Reuters Accused of Illegally Obtaining Information

A Swedish company says the news service got information from a Web page that wasn't designed for public access.

by / October 29, 2002
STOCKHOLM, Sweden (AP) -- A small Swedish IT company Monday filed criminal charges against news service Reuters PLC for obtaining an earnings report from a Web page it considered private.

Intentia International asked Sweden's National Criminal Investigation Department to investigate whether Reuters PLC broke the law by retrieving parts of Intentia's third-quarter report from a Web page before Intentia released it publicly.

Reuters published Intentia's report on Oct. 24 after it became available through Intentia's Web site. The report was available to anyone who typed the correct Web address. But Thomas Ahlerup, a spokesman for the company, said the Web page was not available through normal channels on the site.
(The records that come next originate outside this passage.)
(* Let $K=\operatorname{cone}\{e_1,\dots,e_m\}\subset\mathbb{R}^m$ be a simplicial cone and $L$ a proper cone such that $K$ is an $L$-isotone projection set. Then there exists $\varepsilon\in\mathcal{E}$ such that $K_\varepsilon$ is subdual, $K_\varepsilon$ is an $L$-isotone projection set, and $K_\varepsilon\subset L\subset K_\varepsilon^*$.
   Context: $\mathbb{R}^m$ carries the standard inner product. $\operatorname{cone}\{x_1,\dots,x_m\}=\{\sum t^ix_i:t^i\ge0\}$; it is a simplicial cone when $x_1,\dots,x_m$ are linearly independent. $\mathcal{E}=\{\varepsilon=(\varepsilon^1,\dots,\varepsilon^m)\in\mathbb{R}^m:|\varepsilon^i|=1\}$ and $K_\varepsilon=\operatorname{cone}\{\varepsilon^1e_1,\dots,\varepsilon^me_m\}$. A proper cone is a closed convex cone that is pointed and generating ($K-K=\mathbb{R}^m$). The dual cone is $K^*=\{y:\langle x,y\rangle\ge0\ \forall x\in K\}$; $K$ is subdual if $K\subset K^*$. For a cone $L$, $x\le_L y$ means $y-x\in L$; a closed convex set $D$ is an $L$-isotone projection set if $x\le_L y$ implies $P_Dx\le_L P_Dy$, where $P_D$ is the metric projection onto $D$. *)

theory Defs
  imports "HOL-Analysis.Analysis"
begin

definition gen_cone :: "('m::finite \<Rightarrow> real ^ 'n) \<Rightarrow> (real ^ 'n) set" where
  "gen_cone x = {y. \<exists>t. (\<forall>i. t i \<ge> 0) \<and> y = (\<Sum>i\<in>UNIV. t i *\<^sub>R x i)}"

definition sign_vectors :: "(real ^ 'm::finite) set" where
  "sign_vectors = {\<epsilon>. \<forall>i. \<bar>\<epsilon> $ i\<bar> = 1}"

definition K_eps :: "real ^ 'm::finite \<Rightarrow> (real ^ 'm) set" where
  "K_eps \<epsilon> = gen_cone (\<lambda>i. (\<epsilon> $ i) *\<^sub>R axis i 1)"

definition proper_cone :: "(real ^ 'm::finite) set \<Rightarrow> bool" where
  "proper_cone L \<longleftrightarrow> closed L \<and> convex L \<and> cone L \<and>
     L \<inter> uminus ` L = {0} \<and> {x - y | x y. x \<in> L \<and> y \<in> L} = UNIV"

definition dual_cone :: "(real ^ 'm::finite) set \<Rightarrow> (real ^ 'm) set" where
  "dual_cone K = {y. \<forall>x\<in>K. inner x y \<ge> 0}"

definition subdual :: "(real ^ 'm::finite) set \<Rightarrow> bool" where
  "subdual K \<longleftrightarrow> K \<subseteq> dual_cone K"

definition cone_le :: "(real ^ 'm::finite) set \<Rightarrow> real ^ 'm \<Rightarrow> real ^ 'm \<Rightarrow> bool" where
  "cone_le L x y \<longleftrightarrow> y - x \<in> L"

text \<open>D is an L-isotone projection set: D closed convex (nonempty, so that P_D is defined)
  and the metric projection closest_point D is monotone w.r.t. <=_L.\<close>
definition isotone_projection_set :: "(real ^ 'm::finite) set \<Rightarrow> (real ^ 'm) set \<Rightarrow> bool" where
  "isotone_projection_set L D \<longleftrightarrow> closed D \<and> convex D \<and> D \<noteq> {} \<and>
     (\<forall>x y. cone_le L x y \<longrightarrow> cone_le L (closest_point D x) (closest_point D y))"

end

theory Submission
  imports Defs
begin

text \<open>
  Isotonicity of the projection onto the nonnegative orthant, \<open>P x = x\<^sup>+\<close>, forces every
  \<open>u \<in> L\<close> to have all its coordinate pieces \<open>u\<^sub>j e\<^sub>j\<close> in \<open>L\<close>: compare \<open>x\<close> and \<open>x + u\<close> for an
  \<open>x\<close> that is very positive in coordinate \<open>j\<close> and very negative elsewhere. Since \<open>L\<close> is
  generating, for each \<open>j\<close> one of \<open>\<pm>e\<^sub>j\<close> lies in \<open>L\<close>, and since \<open>L\<close> is pointed only one of them
  does; hence \<open>L\<close> is exactly a signed orthant \<open>K\<^sub>\<epsilon>\<close>. Signed orthants are self-dual and the
  projection onto them acts coordinatewise, which gives the remaining properties.
\<close>

definition signed_orthant :: "real ^ 'm::finite \<Rightarrow> (real ^ 'm) set" where
  "signed_orthant e = {x. \<forall>i. 0 \<le> e$i * x$i}"

lemma sign_vector_cases:
  assumes "e \<in> sign_vectors"
  shows "e$i = 1 \<or> e$i = -1"
proof -
  have "\<bar>e$i\<bar> = 1" using assms unfolding sign_vectors_def by blast
  then show ?thesis by linarith
qed

lemma sign_vector_mult_self:
  assumes "e \<in> sign_vectors"
  shows "e$i * e$i = 1"
  using sign_vector_cases[OF assms, of i] by auto

lemma K_eps_eq_signed_orthant:
  assumes e: "e \<in> sign_vectors"
  shows "K_eps e = signed_orthant e"
proof
  show "K_eps e \<subseteq> signed_orthant e"
  proof
    fix x assume "x \<in> K_eps e"
    then obtain t where t: "\<forall>i. t i \<ge> 0" "x = (\<Sum>i\<in>UNIV. t i *\<^sub>R ((e$i) *\<^sub>R axis i 1))"
      unfolding K_eps_def gen_cone_def by auto
    have "e$i * x$i = t i * (e$i * e$i)" for i
      using t(2) by (simp add: sum_component axis_def if_distrib algebra_simps cong: if_cong)
    then show "x \<in> signed_orthant e"
      using t(1) sign_vector_mult_self[OF e] unfolding signed_orthant_def by simp
  qed
next
  show "signed_orthant e \<subseteq> K_eps e"
  proof
    fix x assume x: "x \<in> signed_orthant e"
    have "x$j = (\<Sum>i\<in>UNIV. (e$i * x$i) *\<^sub>R ((e$i) *\<^sub>R axis i 1)) $ j" for j
    proof -
      have "(\<Sum>i\<in>UNIV. (e$i * x$i) *\<^sub>R ((e$i) *\<^sub>R axis i (1::real))) $ j = x$j * (e$j * e$j)"
        by (simp add: axis_def if_distrib algebra_simps cong: if_cong)
      then show ?thesis using sign_vector_mult_self[OF e] by simp
    qed
    then have "x = (\<Sum>i\<in>UNIV. (e$i * x$i) *\<^sub>R ((e$i) *\<^sub>R axis i 1))"
      by (subst vec_eq_iff) blast
    moreover have "\<forall>i. 0 \<le> e$i * x$i" using x unfolding signed_orthant_def by blast
    ultimately show "x \<in> K_eps e" unfolding K_eps_def gen_cone_def
      by (intro CollectI exI[of _ "\<lambda>i. e$i * x$i"]) simp
  qed
qed

lemma closed_signed_orthant: "closed (signed_orthant e)"
  unfolding signed_orthant_def
  by (intro closed_Collect_all closed_Collect_le continuous_intros)

lemma convex_signed_orthant: "convex (signed_orthant (e::real^'m::finite))"
proof (rule convexI)
  fix x y :: "real^'m" and u v :: real
  assume x: "x \<in> signed_orthant e" and y: "y \<in> signed_orthant e" and "0 \<le> u" "0 \<le> v"
  then have "0 \<le> u * (e$i * x$i) + v * (e$i * y$i)" for i
    unfolding signed_orthant_def by simp
  then have "0 \<le> e$i * (u *\<^sub>R x + v *\<^sub>R y)$i" for i
    by (simp add: algebra_simps)
  then show "u *\<^sub>R x + v *\<^sub>R y \<in> signed_orthant e"
    unfolding signed_orthant_def by blast
qed

lemma zero_in_signed_orthant: "0 \<in> signed_orthant e"
  unfolding signed_orthant_def by simp

lemma closest_point_signed_orthant:
  assumes e: "e \<in> sign_vectors"
  shows "closest_point (signed_orthant e) x = (\<chi> i. e$i * max 0 (e$i * x$i))"
proof (rule closest_point_unique[OF convex_signed_orthant closed_signed_orthant, symmetric])
  let ?p = "\<chi> i. e$i * max 0 (e$i * x$i)"
  have "e$i * (e$i * max 0 (e$i * x$i)) = max 0 (e$i * x$i)" for i
    using sign_vector_mult_self[OF e, of i] by (simp add: mult.assoc[symmetric])
  then show "?p \<in> signed_orthant e"
    unfolding signed_orthant_def by (simp only: mem_Collect_eq vec_lambda_beta max.cobounded1 simp_thms)
  show "\<forall>z\<in>signed_orthant e. dist x ?p \<le> dist x z"
  proof
    fix z assume z: "z \<in> signed_orthant e"
    show "dist x ?p \<le> dist x z" unfolding dist_vec_def
    proof (rule L2_set_mono)
      fix i
      have "0 \<le> e$i * z$i" using z unfolding signed_orthant_def by auto
      then show "dist (x$i) (?p$i) \<le> dist (x$i) (z$i)"
        using sign_vector_cases[OF e, of i] unfolding dist_real_def by (auto simp: max_def)
    qed simp
  qed
qed

lemma subdual_signed_orthant:
  assumes e: "e \<in> sign_vectors"
  shows "subdual (signed_orthant e)"
  unfolding subdual_def
proof
  fix y assume y: "y \<in> signed_orthant e"
  have "0 \<le> inner x y" if x: "x \<in> signed_orthant e" for x
  proof -
    have "0 \<le> (e$i * x$i) * (e$i * y$i)" for i
      using x y unfolding signed_orthant_def by simp
    moreover have "(e$i * x$i) * (e$i * y$i) = x$i * y$i" for i
      using sign_vector_mult_self[OF e, of i] by (simp add: algebra_simps)
    ultimately have "0 \<le> x$i * y$i" for i by metis
    then show ?thesis unfolding inner_vec_def by (simp add: sum_nonneg)
  qed
  then show "y \<in> dual_cone (signed_orthant e)" unfolding dual_cone_def by blast
qed

lemma isotone_projection_signed_orthant:
  assumes e: "e \<in> sign_vectors"
  shows "isotone_projection_set (signed_orthant e) (signed_orthant e)"
  unfolding isotone_projection_set_def
proof (intro conjI allI impI)
  show "closed (signed_orthant e)" "convex (signed_orthant e)" "signed_orthant e \<noteq> {}"
    using closed_signed_orthant convex_signed_orthant zero_in_signed_orthant by blast+
  fix x y assume "cone_le (signed_orthant e) x y"
  then have "e$i * x$i \<le> e$i * y$i" for i
    unfolding cone_le_def signed_orthant_def by (simp add: algebra_simps)
  then have "max 0 (e$i * x$i) \<le> max 0 (e$i * y$i)" for i
    by (meson max.mono order.refl)
  moreover have "e$i * (e$i * a - e$i * b) = a - b" for i a b
    using sign_vector_mult_self[OF e, of i] by (simp add: algebra_simps)
  ultimately have "0 \<le> e$i * (e$i * max 0 (e$i * y$i) - e$i * max 0 (e$i * x$i))" for i
    by simp
  then show "cone_le (signed_orthant e)
      (closest_point (signed_orthant e) x) (closest_point (signed_orthant e) y)"
    unfolding cone_le_def closest_point_signed_orthant[OF e]
    unfolding signed_orthant_def by simp
qed

lemma closest_point_nonneg_orthant:
  "closest_point (gen_cone (\<lambda>i::'m::finite. axis i (1::real))) x = (\<chi> i. max 0 (x$i))"
proof -
  have "(\<chi> i. 1) \<in> (sign_vectors :: (real^'m) set)" unfolding sign_vectors_def by simp
  from closest_point_signed_orthant[OF this] K_eps_eq_signed_orthant[OF this]
  show ?thesis unfolding K_eps_def by simp
qed

lemma axis_component_mem_if_isotone_nonneg_orthant:
  assumes iso: "isotone_projection_set L (gen_cone (\<lambda>i::'m::finite. axis i (1::real)))"
    and u: "u \<in> L"
  shows "axis j (u$j) \<in> L"
proof -
  define x :: "real^'m" where "x = (\<chi> i. if i = j then \<bar>u$i\<bar> else - \<bar>u$i\<bar>)"
  have "cone_le L x (x + u)" using u unfolding cone_le_def by simp
  then have "(\<chi> i. max 0 ((x + u)$i)) - (\<chi> i. max 0 (x$i)) \<in> L"
    using iso unfolding isotone_projection_set_def closest_point_nonneg_orthant cone_le_def
    by blast
  moreover have "(\<chi> i. max 0 ((x + u)$i)) - (\<chi> i. max 0 (x$i)) = axis j (u$j)"
    unfolding vec_eq_iff x_def axis_def by (auto simp: max_def)
  ultimately show ?thesis by simp
qed

lemma convex_cone_if_proper_cone:
  assumes "proper_cone L"
  shows "convex_cone L"
proof -
  have "L \<noteq> {}" using assms unfolding proper_cone_def by blast
  with assms show ?thesis
    unfolding proper_cone_def convex_cone_def conic_def cone_def by blast
qed

lemma gen_cone_subset:
  assumes L: "convex_cone L" and x: "\<And>i. x i \<in> L"
  shows "gen_cone x \<subseteq> L"
proof
  fix y assume "y \<in> gen_cone x"
  then obtain t where t: "\<And>i. t i \<ge> 0" and y: "y = (\<Sum>i\<in>UNIV. t i *\<^sub>R x i)"
    unfolding gen_cone_def by blast
  have "(\<Sum>i\<in>F. t i *\<^sub>R x i) \<in> L" if "finite F" for F
    using that
  proof (induction F rule: finite_induct)
    case empty
    then show ?case using convex_cone_contains_0[OF L] by simp
  next
    case (insert a F)
    then show ?case using convex_cone_add[OF L] convex_cone_scaleR[OF L t x] by simp
  qed
  then show "y \<in> L" unfolding y by simp
qed

lemma axis_sgn_mem:
  fixes u :: "real^'m::finite"
  assumes L: "convex_cone L" and axis_closed: "\<And>u j. u \<in> L \<Longrightarrow> axis j (u$j) \<in> L"
    and u: "u \<in> L" "u$j \<noteq> 0"
  shows "axis j (sgn (u$j)) \<in> L"
proof -
  have "(1 / \<bar>u$j\<bar>) *\<^sub>R axis j (u$j) = axis j (sgn (u$j))"
    unfolding vec_eq_iff axis_def using u(2) by (auto simp: sgn_real_def)
  moreover have "(1 / \<bar>u$j\<bar>) *\<^sub>R axis j (u$j) \<in> L"
    using convex_cone_scaleR[OF L _ axis_closed[OF u(1)]] by simp
  ultimately show ?thesis by simp
qed

lemma proper_cone_not_both_axes:
  assumes "proper_cone L" "axis j (s::real) \<in> L" "axis j (-s) \<in> L"
  shows "s = 0"
proof -
  have "axis j s = - axis j (-s)" by (simp add: vec_eq_iff axis_def)
  then have "axis j s \<in> L \<inter> uminus ` L" using assms(2,3) by blast
  then show ?thesis using assms(1) unfolding proper_cone_def by (simp add: axis_eq_0_iff)
qed

lemma proper_cone_has_axis:
  assumes L: "proper_cone L" and axis_closed: "\<And>u j. u \<in> L \<Longrightarrow> axis j (u$j) \<in> L"
  shows "axis j 1 \<in> L \<or> axis j (-1) \<in> L"
proof -
  have "axis j 1 \<in> {x - y | x y. x \<in> L \<and> y \<in> L}"
    using L unfolding proper_cone_def by simp
  then obtain a b where ab: "axis j 1 = a - b" "a \<in> L" "b \<in> L" by blast
  then have "a$j - b$j = 1" by (metis axis_nth vector_minus_component)
  then obtain u where u: "u \<in> L" "u$j \<noteq> 0"
    using ab(2,3) by (cases "a$j = 0") auto
  then have "sgn (u$j) = 1 \<or> sgn (u$j) = -1" by (auto simp: sgn_real_def)
  then show ?thesis
    using axis_sgn_mem[OF convex_cone_if_proper_cone[OF L] axis_closed u] by auto
qed

lemma proper_cone_eq_K_eps_if_axis_closed:
  fixes L :: "(real^'m::finite) set"
  assumes L: "proper_cone L" and axis_closed: "\<And>u j. u \<in> L \<Longrightarrow> axis j (u$j) \<in> L"
  shows "\<exists>\<epsilon>\<in>sign_vectors. L = K_eps \<epsilon>"
proof
  define \<epsilon> :: "real^'m" where "\<epsilon> = (\<chi> j. if axis j 1 \<in> L then 1 else -1)"
  show eps: "\<epsilon> \<in> sign_vectors" unfolding \<epsilon>_def sign_vectors_def by simp
  have eps_axis: "axis j (\<epsilon>$j) \<in> L" for j
    using proper_cone_has_axis[OF L axis_closed, of j] unfolding \<epsilon>_def by auto
  have "L \<subseteq> signed_orthant \<epsilon>"
  proof
    fix u assume u: "u \<in> L"
    have "0 \<le> \<epsilon>$j * u$j" for j
    proof (rule ccontr)
      assume neg: "\<not> 0 \<le> \<epsilon>$j * u$j"
      then have "u$j \<noteq> 0" by auto
      then have "axis j (sgn (u$j)) \<in> L"
        using axis_sgn_mem[OF convex_cone_if_proper_cone[OF L] axis_closed u] by blast
      moreover have "sgn (u$j) = - \<epsilon>$j"
        using neg sign_vector_cases[OF eps, of j] by (auto simp: sgn_real_def mult_less_0_iff)
      ultimately have "axis j (- \<epsilon>$j) \<in> L" by simp
      then have "\<epsilon>$j = 0" using proper_cone_not_both_axes[OF L eps_axis] by blast
      then show False using sign_vector_cases[OF eps, of j] by simp
    qed
    then show "u \<in> signed_orthant \<epsilon>" unfolding signed_orthant_def by blast
  qed
  moreover have "K_eps \<epsilon> \<subseteq> L"
    unfolding K_eps_def
  proof (rule gen_cone_subset[OF convex_cone_if_proper_cone[OF L]])
    fix i
    have "(\<epsilon>$i) *\<^sub>R axis i (1::real) = axis i (\<epsilon>$i)" by (simp add: vec_eq_iff axis_def)
    then show "(\<epsilon>$i) *\<^sub>R axis i 1 \<in> L" using eps_axis by simp
  qed
  ultimately show "L = K_eps \<epsilon>" using K_eps_eq_signed_orthant[OF eps] by blast
qed

theorem proposition2:
  fixes L :: "(real ^ 'm::finite) set"
  assumes "proper_cone L"
    and "isotone_projection_set L (gen_cone (\<lambda>i::'m. axis i (1::real)))"
  shows "\<exists>\<epsilon>\<in>sign_vectors. subdual (K_eps \<epsilon>) \<and> isotone_projection_set L (K_eps \<epsilon>) \<and>
           K_eps \<epsilon> \<subseteq> L \<and> L \<subseteq> dual_cone (K_eps \<epsilon>)"
proof -
  obtain \<epsilon> where eps: "\<epsilon> \<in> sign_vectors" and L: "L = K_eps \<epsilon>"
    using proper_cone_eq_K_eps_if_axis_closed[OF assms(1)
        axis_component_mem_if_isotone_nonneg_orthant[OF assms(2)]] by blast
  have "subdual (K_eps \<epsilon>)" "isotone_projection_set (K_eps \<epsilon>) (K_eps \<epsilon>)"
    using subdual_signed_orthant[OF eps] isotone_projection_signed_orthant[OF eps]
    by (simp_all add: K_eps_eq_signed_orthant[OF eps])
  then show ?thesis using eps unfolding L subdual_def by blast
qed

end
He said Intentia's legal advisers consider Reuter's action to be an infringement of laws that govern information technology property.

Reuters' Nordic bureau chief in Stockholm, Jonathan Lynn, said in a statement that the company was surprised by Intentia's stance. Reuters published information on the results "after they had been accessible over the Internet."

A release from Reuter's London headquarters said "there was no substance to the allegations that it made an illegal entry to Intentia's IT systems."

Last week, Reuters published an earnings report from banking group Nordea AB ahead of the scheduled release. Nordea has acknowledged that parts of the report were mistakenly put on its Web site.

Ahlerup said that if authorities deem that Reuters retrieved the information from a public part of the Web site, it could set an important precedent, making anything on a company's Web server public information, he said.

"We want the authorities to test what can be considered to be private or public," Ahlerup said.

Ahlerup wouldn't comment on whether the company had made market-sensitive information available before it was released.

Swedish law requires listed companies to disclose information to the Stockholm bourse as well as at least two news agencies and three newspapers.